* What to work on
From the records that follow, copy every line that contains the word "definition".

* Supplied entries
Segment Open

(* Let $T$ be a split Leibniz triple system with symmetric root system $\Lambda^1$, and suppose $\Lambda^0$ is symmetric. Then: (1) for every $\alpha_0\in\Lambda^1$, the subspace $T_{\Lambda^1_{\alpha_0}}=T_{0,\Lambda^1_{\alpha_0}}\oplus V_{\Lambda^1_{\alpha_0}}$ is an ideal of $T$, where $T_{0,\Lambda^1_{\alpha_0}}=\mathrm{span}_{\mathbb{K}}\{\{T_\alpha,T_\beta,T_\gamma\}:\alpha+\beta+\gamma=0,\ \alpha,\beta,\gamma\in\Lambda^1_{\alpha_0}\cup\{0\}\}\subseteq T_0$ and $V_{\Lambda^1_{\alpha_0}}=\bigoplus_{\gamma\in\Lambda^1_{\alpha_0}}T_\gamma$; (2) if $T$ is simple, then any two roots $\alpha,\beta\in\Lambda^1$ are connected (there is a connection from $\alpha$ to $\beta$).
   Context: A Leibniz triple system is a vector space $T$ over a field $\mathbb{K}$ with a trilinear product $\{\cdot,\cdot,\cdot\}$ satisfying, for all $a,b,c,d,e\in T$: $\{a,\{b,c,d\},e\}=\{\{a,b,c\},d,e\}-\{\{a,c,b\},d,e\}-\{\{a,d,b\},c,e\}+\{\{a,d,c\},b,e\}$ and $\{a,b,\{c,d,e\}\}=\{\{a,b,c\},d,e\}-\{\{a,b,d\},c,e\}-\{\{a,b,e\},c,d\}+\{\{a,b,e\},d,c\}$. An ideal of $T$ is a subspace $I$ with $\{I,T,T\}+\{T,I,T\}+\{T,T,I\}\subseteq I$. Let $J$ be the ideal of $T$ generated by $\{\{a,b,c\}-\{a,c,b\}+\{b,c,a\}:a,b,c\in T\}$. $T$ is simple if its product is nonzero and its only ideals are $\{0\}$, $J$ and $T$. Its standard embedding is the right Leibniz algebra $L=L^0\oplus L^1$ ($L^0$ the span of symbols $x\otimes y$, $L^1=T$) with product $[(x\otimes y,z),(u\otimes v,w)]=(\{x,y,u\}\otimes v-\{x,y,v\}\otimes u+z\otimes w,\ \{x,y,w\}+\{z,u,v\}-\{z,v,u\})$; so $[x,y]=x\otimes y$ and $\{x,y,z\}=[[x,y],z]$ for $x,y,z\in T$. Let $H^0$ be a maximal abelian subalgebra of $L^0$; for $\alpha\in(H^0)^*$ put $T_\alpha=\{t\in T:[t,h]=\alpha(h)t\ \forall h\in H^0\}$, $L^0_\alpha=\{v\in L^0:[v,h]=\alpha(h)v\ \forall h\in H^0\}$, $\Lambda^1=\{\alpha\neq0:T_\alpha\neq0\}$, $\Lambda^0=\{\alpha\neq0:L^0_\alpha\neq0\}$. $T$ is split (w.r.t. $H^0$) if $T=T_0\oplus\bigoplus_{\alpha\in\Lambda^1}T_\alpha$, $\{T_0,T_0,T_0\}=0$ and $\{T_\alpha,T_{-\alpha},T_0\}=0$ for all $\alpha\in\Lambda^1$. A set $\Lambda\subset(H^0)^*$ is symmetric if $\alpha\in\Lambda$ implies $-\alpha\in\Lambda$. Two roots $\alpha,\beta\in\Lambda^1$ are connected if there is a family $\alpha_1,\dots,\alpha_{2n+1}\in\Lambda^1\cup\{0\}$ with: $\alpha_1+\dots+\alpha_{2k+1}\in\Lambda^1$ for $k=0,\dots,n$; $\alpha_1+\dots+\alpha_{2k}\in\Lambda^0$ for $k=1,\dots,n$; $\alpha_1=\alpha$ and $\alpha_1+\dots+\alpha_{2n+1}\in\{\beta,-\beta\}$. $\Lambda^1_{\alpha_0}$ denotes the set of $\beta\in\Lambda^1$ connected with $\alpha_0$. *)

theory Defs
  imports Main "HOL.Vector_Spaces"
begin

definition trilinear :: "('k::field \<Rightarrow> 'v::ab_group_add \<Rightarrow> 'v) \<Rightarrow> ('v \<Rightarrow> 'v \<Rightarrow> 'v \<Rightarrow> 'v) \<Rightarrow> bool" where
  "trilinear sc tp \<longleftrightarrow>
     (\<forall>b c. Vector_Spaces.linear sc sc (\<lambda>a. tp a b c)) \<and>
     (\<forall>a c. Vector_Spaces.linear sc sc (\<lambda>b. tp a b c)) \<and>
     (\<forall>a b. Vector_Spaces.linear sc sc (\<lambda>c. tp a b c))"

definition leibniz_triple_system :: "('k::field \<Rightarrow> 'v::ab_group_add \<Rightarrow> 'v) \<Rightarrow> ('v \<Rightarrow> 'v \<Rightarrow> 'v \<Rightarrow> 'v) \<Rightarrow> bool" where
  "leibniz_triple_system sc tp \<longleftrightarrow>
     vector_space sc \<and> trilinear sc tp \<and>
     (\<forall>a b c d e. tp a (tp b c d) e =
         tp (tp a b c) d e - tp (tp a c b) d e - tp (tp a d b) c e + tp (tp a d c) b e) \<and>
     (\<forall>a b c d e. tp a b (tp c d e) =
         tp (tp a b c) d e - tp (tp a b d) c e - tp (tp a b e) c d + tp (tp a b e) d c)"

definition lts_ideal :: "('k::field \<Rightarrow> 'v::ab_group_add \<Rightarrow> 'v) \<Rightarrow> ('v \<Rightarrow> 'v \<Rightarrow> 'v \<Rightarrow> 'v) \<Rightarrow> 'v set \<Rightarrow> bool" where
  "lts_ideal sc tp I \<longleftrightarrow> module.subspace sc I \<and>
     (\<forall>x\<in>I. \<forall>y z. tp x y z \<in> I \<and> tp y x z \<in> I \<and> tp y z x \<in> I)"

Segment Closed

* Task solution
definition trilinear :: "('k::field \<Rightarrow> 'v::ab_group_add \<Rightarrow> 'v) \<Rightarrow> ('v \<Rightarrow> 'v \<Rightarrow> 'v \<Rightarrow> 'v) \<Rightarrow> bool" where
definition leibniz_triple_system :: "('k::field \<Rightarrow> 'v::ab_group_add \<Rightarrow> 'v) \<Rightarrow> ('v \<Rightarrow> 'v \<Rightarrow> 'v \<Rightarrow> 'v) \<Rightarrow> bool" where
definition lts_ideal :: "('k::field \<Rightarrow> 'v::ab_group_add \<Rightarrow> 'v) \<Rightarrow> ('v \<Rightarrow> 'v \<Rightarrow> 'v \<Rightarrow> 'v) \<Rightarrow> 'v set \<Rightarrow> bool" where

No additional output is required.